> Entries supplied
________________

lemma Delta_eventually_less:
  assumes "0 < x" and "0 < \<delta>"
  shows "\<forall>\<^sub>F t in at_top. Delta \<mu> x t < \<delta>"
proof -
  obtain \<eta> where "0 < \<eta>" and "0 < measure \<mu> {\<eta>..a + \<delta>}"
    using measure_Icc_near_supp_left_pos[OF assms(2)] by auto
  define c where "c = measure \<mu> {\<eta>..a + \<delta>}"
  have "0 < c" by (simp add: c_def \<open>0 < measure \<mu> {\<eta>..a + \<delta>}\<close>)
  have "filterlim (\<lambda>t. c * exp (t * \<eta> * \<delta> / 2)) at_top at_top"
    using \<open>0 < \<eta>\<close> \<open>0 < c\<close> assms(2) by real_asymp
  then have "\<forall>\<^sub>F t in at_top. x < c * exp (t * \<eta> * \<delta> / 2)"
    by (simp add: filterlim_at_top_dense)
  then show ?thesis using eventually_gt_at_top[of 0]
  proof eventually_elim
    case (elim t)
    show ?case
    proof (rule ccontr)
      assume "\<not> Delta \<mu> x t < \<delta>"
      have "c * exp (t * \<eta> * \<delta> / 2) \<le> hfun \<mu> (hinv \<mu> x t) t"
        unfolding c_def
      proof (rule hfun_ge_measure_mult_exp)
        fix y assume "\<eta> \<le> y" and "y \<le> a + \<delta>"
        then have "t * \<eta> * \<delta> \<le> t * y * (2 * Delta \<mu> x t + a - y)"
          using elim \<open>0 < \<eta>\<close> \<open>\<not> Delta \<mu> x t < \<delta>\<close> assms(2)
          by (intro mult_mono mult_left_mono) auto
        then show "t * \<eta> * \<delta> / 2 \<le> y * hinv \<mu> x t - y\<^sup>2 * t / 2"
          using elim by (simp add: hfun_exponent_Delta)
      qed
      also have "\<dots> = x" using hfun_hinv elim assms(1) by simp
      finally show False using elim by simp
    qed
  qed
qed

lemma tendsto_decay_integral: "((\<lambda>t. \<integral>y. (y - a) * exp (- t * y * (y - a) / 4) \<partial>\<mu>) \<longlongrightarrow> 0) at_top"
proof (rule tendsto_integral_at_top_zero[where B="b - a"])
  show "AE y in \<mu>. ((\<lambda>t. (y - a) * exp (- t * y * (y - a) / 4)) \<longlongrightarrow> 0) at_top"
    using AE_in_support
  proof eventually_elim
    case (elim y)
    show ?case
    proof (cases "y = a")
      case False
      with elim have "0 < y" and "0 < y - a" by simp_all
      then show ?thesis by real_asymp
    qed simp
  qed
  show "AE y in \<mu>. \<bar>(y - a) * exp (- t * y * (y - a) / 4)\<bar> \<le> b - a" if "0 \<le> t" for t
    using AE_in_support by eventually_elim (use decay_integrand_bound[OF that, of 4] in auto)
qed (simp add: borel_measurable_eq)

________________

> Exercise details
Which lines run from the one containing "using \<open>0 <" to the end of the entries above? Quote exactly those, and only those.

> Written response
    using \<open>0 < \<eta>\<close> \<open>0 < c\<close> assms(2) by real_asymp
  then have "\<forall>\<^sub>F t in at_top. x < c * exp (t * \<eta> * \<delta> / 2)"
    by (simp add: filterlim_at_top_dense)
  then show ?thesis using eventually_gt_at_top[of 0]
  proof eventually_elim
    case (elim t)
    show ?case
    proof (rule ccontr)
      assume "\<not> Delta \<mu> x t < \<delta>"
      have "c * exp (t * \<eta> * \<delta> / 2) \<le> hfun \<mu> (hinv \<mu> x t) t"
        unfolding c_def
      proof (rule hfun_ge_measure_mult_exp)
        fix y assume "\<eta> \<le> y" and "y \<le> a + \<delta>"
        then have "t * \<eta> * \<delta> \<le> t * y * (2 * Delta \<mu> x t + a - y)"
          using elim \<open>0 < \<eta>\<close> \<open>\<not> Delta \<mu> x t < \<delta>\<close> assms(2)
          by (intro mult_mono mult_left_mono) auto
        then show "t * \<eta> * \<delta> / 2 \<le> y * hinv \<mu> x t - y\<^sup>2 * t / 2"
          using elim by (simp add: hfun_exponent_Delta)
      qed
      also have "\<dots> = x" using hfun_hinv elim assms(1) by simp
      finally show False using elim by simp
    qed
  qed
qed

lemma tendsto_decay_integral: "((\<lambda>t. \<integral>y. (y - a) * exp (- t * y * (y - a) / 4) \<partial>\<mu>) \<longlongrightarrow> 0) at_top"
proof (rule tendsto_integral_at_top_zero[where B="b - a"])
  show "AE y in \<mu>. ((\<lambda>t. (y - a) * exp (- t * y * (y - a) / 4)) \<longlongrightarrow> 0) at_top"
    using AE_in_support
  proof eventually_elim
    case (elim y)
    show ?case
    proof (cases "y = a")
      case False
      with elim have "0 < y" and "0 < y - a" by simp_all
      then show ?thesis by real_asymp
    qed simp
  qed
  show "AE y in \<mu>. \<bar>(y - a) * exp (- t * y * (y - a) / 4)\<bar> \<le> b - a" if "0 \<le> t" for t
    using AE_in_support by eventually_elim (use decay_integrand_bound[OF that, of 4] in auto)
qed (simp add: borel_measurable_eq)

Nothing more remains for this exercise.